◆ **Task item**:
Return all lines below containing the word "definition".

Start of Supplied records

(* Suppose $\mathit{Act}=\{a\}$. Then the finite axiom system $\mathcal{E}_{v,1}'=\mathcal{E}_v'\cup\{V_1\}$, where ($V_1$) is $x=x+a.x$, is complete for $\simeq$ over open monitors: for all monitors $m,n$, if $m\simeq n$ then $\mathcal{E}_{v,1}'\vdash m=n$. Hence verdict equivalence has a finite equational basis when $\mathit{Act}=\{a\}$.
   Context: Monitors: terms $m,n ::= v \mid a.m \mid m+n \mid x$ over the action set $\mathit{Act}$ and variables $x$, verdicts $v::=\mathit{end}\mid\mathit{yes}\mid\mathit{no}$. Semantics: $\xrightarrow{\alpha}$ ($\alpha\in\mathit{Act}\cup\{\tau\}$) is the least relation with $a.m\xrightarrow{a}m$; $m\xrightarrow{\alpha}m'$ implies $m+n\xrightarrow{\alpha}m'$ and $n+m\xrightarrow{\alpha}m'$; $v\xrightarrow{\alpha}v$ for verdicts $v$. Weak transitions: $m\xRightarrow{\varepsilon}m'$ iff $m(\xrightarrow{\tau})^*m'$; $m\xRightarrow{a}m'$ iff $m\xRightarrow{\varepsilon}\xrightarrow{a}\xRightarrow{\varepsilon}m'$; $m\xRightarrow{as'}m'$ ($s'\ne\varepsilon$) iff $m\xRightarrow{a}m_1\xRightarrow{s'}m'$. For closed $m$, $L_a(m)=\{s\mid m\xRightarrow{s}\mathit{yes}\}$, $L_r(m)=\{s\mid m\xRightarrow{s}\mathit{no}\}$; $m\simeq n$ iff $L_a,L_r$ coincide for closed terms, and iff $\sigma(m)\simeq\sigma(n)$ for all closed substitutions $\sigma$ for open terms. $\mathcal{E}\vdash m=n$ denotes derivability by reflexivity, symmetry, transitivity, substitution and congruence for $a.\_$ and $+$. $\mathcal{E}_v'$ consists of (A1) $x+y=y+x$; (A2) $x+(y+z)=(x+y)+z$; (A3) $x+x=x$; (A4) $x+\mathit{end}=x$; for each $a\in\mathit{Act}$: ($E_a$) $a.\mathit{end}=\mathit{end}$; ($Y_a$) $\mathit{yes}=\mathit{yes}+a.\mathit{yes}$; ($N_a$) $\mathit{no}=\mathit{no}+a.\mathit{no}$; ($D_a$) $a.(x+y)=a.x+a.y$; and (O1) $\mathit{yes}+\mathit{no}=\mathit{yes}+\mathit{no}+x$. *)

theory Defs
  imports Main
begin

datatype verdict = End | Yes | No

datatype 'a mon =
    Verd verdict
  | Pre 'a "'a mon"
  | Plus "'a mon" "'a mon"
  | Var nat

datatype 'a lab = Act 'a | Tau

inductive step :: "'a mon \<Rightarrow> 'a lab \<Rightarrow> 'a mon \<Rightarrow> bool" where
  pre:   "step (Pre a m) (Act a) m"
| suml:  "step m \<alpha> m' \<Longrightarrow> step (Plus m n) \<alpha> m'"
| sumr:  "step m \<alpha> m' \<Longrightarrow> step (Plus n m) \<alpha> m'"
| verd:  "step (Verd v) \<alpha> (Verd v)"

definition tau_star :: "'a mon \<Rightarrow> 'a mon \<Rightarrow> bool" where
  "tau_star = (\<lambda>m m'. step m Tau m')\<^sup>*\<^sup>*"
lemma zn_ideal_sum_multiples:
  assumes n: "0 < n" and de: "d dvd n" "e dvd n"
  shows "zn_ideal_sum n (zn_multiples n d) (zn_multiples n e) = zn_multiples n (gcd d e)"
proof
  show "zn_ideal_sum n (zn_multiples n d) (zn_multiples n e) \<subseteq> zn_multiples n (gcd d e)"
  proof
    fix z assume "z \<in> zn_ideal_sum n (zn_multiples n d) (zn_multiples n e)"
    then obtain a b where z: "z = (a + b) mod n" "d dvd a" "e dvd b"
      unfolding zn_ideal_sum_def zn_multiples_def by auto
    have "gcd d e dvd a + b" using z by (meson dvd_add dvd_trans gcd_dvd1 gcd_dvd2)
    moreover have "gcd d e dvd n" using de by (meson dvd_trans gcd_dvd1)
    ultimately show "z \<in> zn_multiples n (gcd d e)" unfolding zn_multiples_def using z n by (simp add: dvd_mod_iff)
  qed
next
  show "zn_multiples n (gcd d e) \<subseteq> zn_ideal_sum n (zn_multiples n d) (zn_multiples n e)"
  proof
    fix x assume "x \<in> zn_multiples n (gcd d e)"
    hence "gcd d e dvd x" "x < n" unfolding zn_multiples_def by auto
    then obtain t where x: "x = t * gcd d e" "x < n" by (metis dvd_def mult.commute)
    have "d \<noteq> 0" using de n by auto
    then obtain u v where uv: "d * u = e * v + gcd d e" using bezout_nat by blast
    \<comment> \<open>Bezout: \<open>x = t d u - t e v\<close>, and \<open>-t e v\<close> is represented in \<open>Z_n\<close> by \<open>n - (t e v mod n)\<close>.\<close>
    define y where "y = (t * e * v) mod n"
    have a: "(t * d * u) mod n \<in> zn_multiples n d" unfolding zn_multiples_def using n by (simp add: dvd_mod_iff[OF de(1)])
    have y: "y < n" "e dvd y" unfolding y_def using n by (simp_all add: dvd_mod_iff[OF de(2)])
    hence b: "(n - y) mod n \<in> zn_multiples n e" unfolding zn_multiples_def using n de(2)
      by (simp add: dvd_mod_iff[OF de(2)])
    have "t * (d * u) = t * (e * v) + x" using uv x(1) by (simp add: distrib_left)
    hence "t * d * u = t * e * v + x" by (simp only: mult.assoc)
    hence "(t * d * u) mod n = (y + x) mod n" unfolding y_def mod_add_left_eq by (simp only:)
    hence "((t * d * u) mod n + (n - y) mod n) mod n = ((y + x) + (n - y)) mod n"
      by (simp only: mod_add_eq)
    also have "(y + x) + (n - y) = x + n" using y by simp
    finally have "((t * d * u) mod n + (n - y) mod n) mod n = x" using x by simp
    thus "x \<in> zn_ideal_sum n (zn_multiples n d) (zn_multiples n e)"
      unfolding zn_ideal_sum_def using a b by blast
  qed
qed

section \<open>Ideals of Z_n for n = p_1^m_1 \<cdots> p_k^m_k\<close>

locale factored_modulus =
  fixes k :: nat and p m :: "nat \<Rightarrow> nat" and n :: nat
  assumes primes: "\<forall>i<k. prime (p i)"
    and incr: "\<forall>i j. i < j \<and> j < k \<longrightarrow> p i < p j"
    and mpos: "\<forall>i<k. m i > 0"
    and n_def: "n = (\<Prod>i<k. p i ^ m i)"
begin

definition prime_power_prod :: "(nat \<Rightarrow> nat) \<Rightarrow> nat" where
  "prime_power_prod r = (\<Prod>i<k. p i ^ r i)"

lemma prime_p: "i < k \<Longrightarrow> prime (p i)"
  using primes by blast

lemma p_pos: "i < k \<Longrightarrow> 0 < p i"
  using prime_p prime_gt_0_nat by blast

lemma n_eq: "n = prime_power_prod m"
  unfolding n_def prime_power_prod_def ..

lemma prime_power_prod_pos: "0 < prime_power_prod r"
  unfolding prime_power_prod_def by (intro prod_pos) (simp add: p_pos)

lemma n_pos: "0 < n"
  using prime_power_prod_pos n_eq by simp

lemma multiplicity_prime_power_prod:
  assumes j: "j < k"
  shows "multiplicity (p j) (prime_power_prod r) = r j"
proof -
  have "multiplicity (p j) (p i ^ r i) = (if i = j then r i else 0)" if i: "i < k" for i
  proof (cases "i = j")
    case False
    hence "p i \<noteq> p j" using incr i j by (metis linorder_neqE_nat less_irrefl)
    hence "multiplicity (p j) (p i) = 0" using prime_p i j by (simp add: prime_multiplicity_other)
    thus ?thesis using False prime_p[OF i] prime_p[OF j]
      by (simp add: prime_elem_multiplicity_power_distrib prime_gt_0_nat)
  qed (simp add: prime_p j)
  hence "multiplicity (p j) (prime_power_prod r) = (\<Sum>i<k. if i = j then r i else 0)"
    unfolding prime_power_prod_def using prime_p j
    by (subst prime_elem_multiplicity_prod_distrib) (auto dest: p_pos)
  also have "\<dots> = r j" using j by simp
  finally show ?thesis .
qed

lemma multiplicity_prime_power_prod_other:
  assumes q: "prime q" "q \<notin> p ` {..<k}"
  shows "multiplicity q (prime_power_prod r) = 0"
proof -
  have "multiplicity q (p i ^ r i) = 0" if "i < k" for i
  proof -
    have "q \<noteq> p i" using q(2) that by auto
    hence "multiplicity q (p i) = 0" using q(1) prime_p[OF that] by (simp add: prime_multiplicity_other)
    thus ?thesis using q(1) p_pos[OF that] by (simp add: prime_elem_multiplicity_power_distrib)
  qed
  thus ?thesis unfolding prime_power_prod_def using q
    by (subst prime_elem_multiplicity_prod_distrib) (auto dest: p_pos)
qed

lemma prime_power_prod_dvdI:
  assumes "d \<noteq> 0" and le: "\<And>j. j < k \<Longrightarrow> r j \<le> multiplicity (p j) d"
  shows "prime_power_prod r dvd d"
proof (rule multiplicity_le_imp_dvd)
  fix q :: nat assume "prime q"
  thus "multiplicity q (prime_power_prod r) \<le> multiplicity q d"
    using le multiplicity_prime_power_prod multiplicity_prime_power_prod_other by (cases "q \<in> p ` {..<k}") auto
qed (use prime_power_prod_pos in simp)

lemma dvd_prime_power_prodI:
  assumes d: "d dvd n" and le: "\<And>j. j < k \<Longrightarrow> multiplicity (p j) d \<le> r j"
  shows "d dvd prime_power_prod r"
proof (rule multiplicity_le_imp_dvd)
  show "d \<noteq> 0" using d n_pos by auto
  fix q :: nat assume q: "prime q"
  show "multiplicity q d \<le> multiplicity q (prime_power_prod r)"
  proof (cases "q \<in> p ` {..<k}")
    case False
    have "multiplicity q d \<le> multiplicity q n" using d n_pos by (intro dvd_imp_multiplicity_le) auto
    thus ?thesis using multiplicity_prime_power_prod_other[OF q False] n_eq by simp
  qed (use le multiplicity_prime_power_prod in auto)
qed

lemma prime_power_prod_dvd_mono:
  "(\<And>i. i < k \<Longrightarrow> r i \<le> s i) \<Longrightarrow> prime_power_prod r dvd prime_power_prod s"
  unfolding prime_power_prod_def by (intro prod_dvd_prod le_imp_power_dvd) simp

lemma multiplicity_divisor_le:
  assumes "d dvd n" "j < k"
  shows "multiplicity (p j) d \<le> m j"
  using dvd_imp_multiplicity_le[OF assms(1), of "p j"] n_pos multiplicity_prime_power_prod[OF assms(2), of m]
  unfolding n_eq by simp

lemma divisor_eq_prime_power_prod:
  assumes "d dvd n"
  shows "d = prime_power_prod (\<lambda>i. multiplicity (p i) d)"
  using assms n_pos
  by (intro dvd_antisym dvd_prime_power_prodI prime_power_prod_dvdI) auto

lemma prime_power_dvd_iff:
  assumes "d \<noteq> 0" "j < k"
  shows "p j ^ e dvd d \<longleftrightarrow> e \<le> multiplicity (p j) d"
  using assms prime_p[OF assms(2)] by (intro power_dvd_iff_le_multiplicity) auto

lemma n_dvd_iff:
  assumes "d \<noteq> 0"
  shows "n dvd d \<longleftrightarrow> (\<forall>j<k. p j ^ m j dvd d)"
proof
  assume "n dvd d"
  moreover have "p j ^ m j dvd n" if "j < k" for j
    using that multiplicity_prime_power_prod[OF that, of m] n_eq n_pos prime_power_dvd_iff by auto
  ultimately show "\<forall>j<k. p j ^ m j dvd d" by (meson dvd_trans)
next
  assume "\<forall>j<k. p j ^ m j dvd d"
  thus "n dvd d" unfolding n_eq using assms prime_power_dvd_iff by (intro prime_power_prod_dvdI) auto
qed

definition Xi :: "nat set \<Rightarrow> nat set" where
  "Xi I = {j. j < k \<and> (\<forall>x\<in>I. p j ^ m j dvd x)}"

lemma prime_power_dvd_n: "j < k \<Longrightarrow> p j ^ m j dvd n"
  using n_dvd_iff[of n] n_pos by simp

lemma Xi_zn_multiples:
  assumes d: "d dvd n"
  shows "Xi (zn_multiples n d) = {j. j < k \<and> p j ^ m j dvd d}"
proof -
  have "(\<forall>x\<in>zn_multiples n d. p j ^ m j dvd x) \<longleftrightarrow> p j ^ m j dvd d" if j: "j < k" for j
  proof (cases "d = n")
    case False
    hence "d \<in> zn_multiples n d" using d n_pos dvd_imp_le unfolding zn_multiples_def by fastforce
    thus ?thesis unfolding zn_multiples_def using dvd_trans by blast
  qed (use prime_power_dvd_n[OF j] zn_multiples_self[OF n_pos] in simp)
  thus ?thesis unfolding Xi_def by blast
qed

End of Supplied records

◆ **Solution to the problem**:
definition tau_star :: "'a mon \<Rightarrow> 'a mon \<Rightarrow> bool" where
definition prime_power_prod :: "(nat \<Rightarrow> nat) \<Rightarrow> nat" where
definition Xi :: "nat set \<Rightarrow> nat set" where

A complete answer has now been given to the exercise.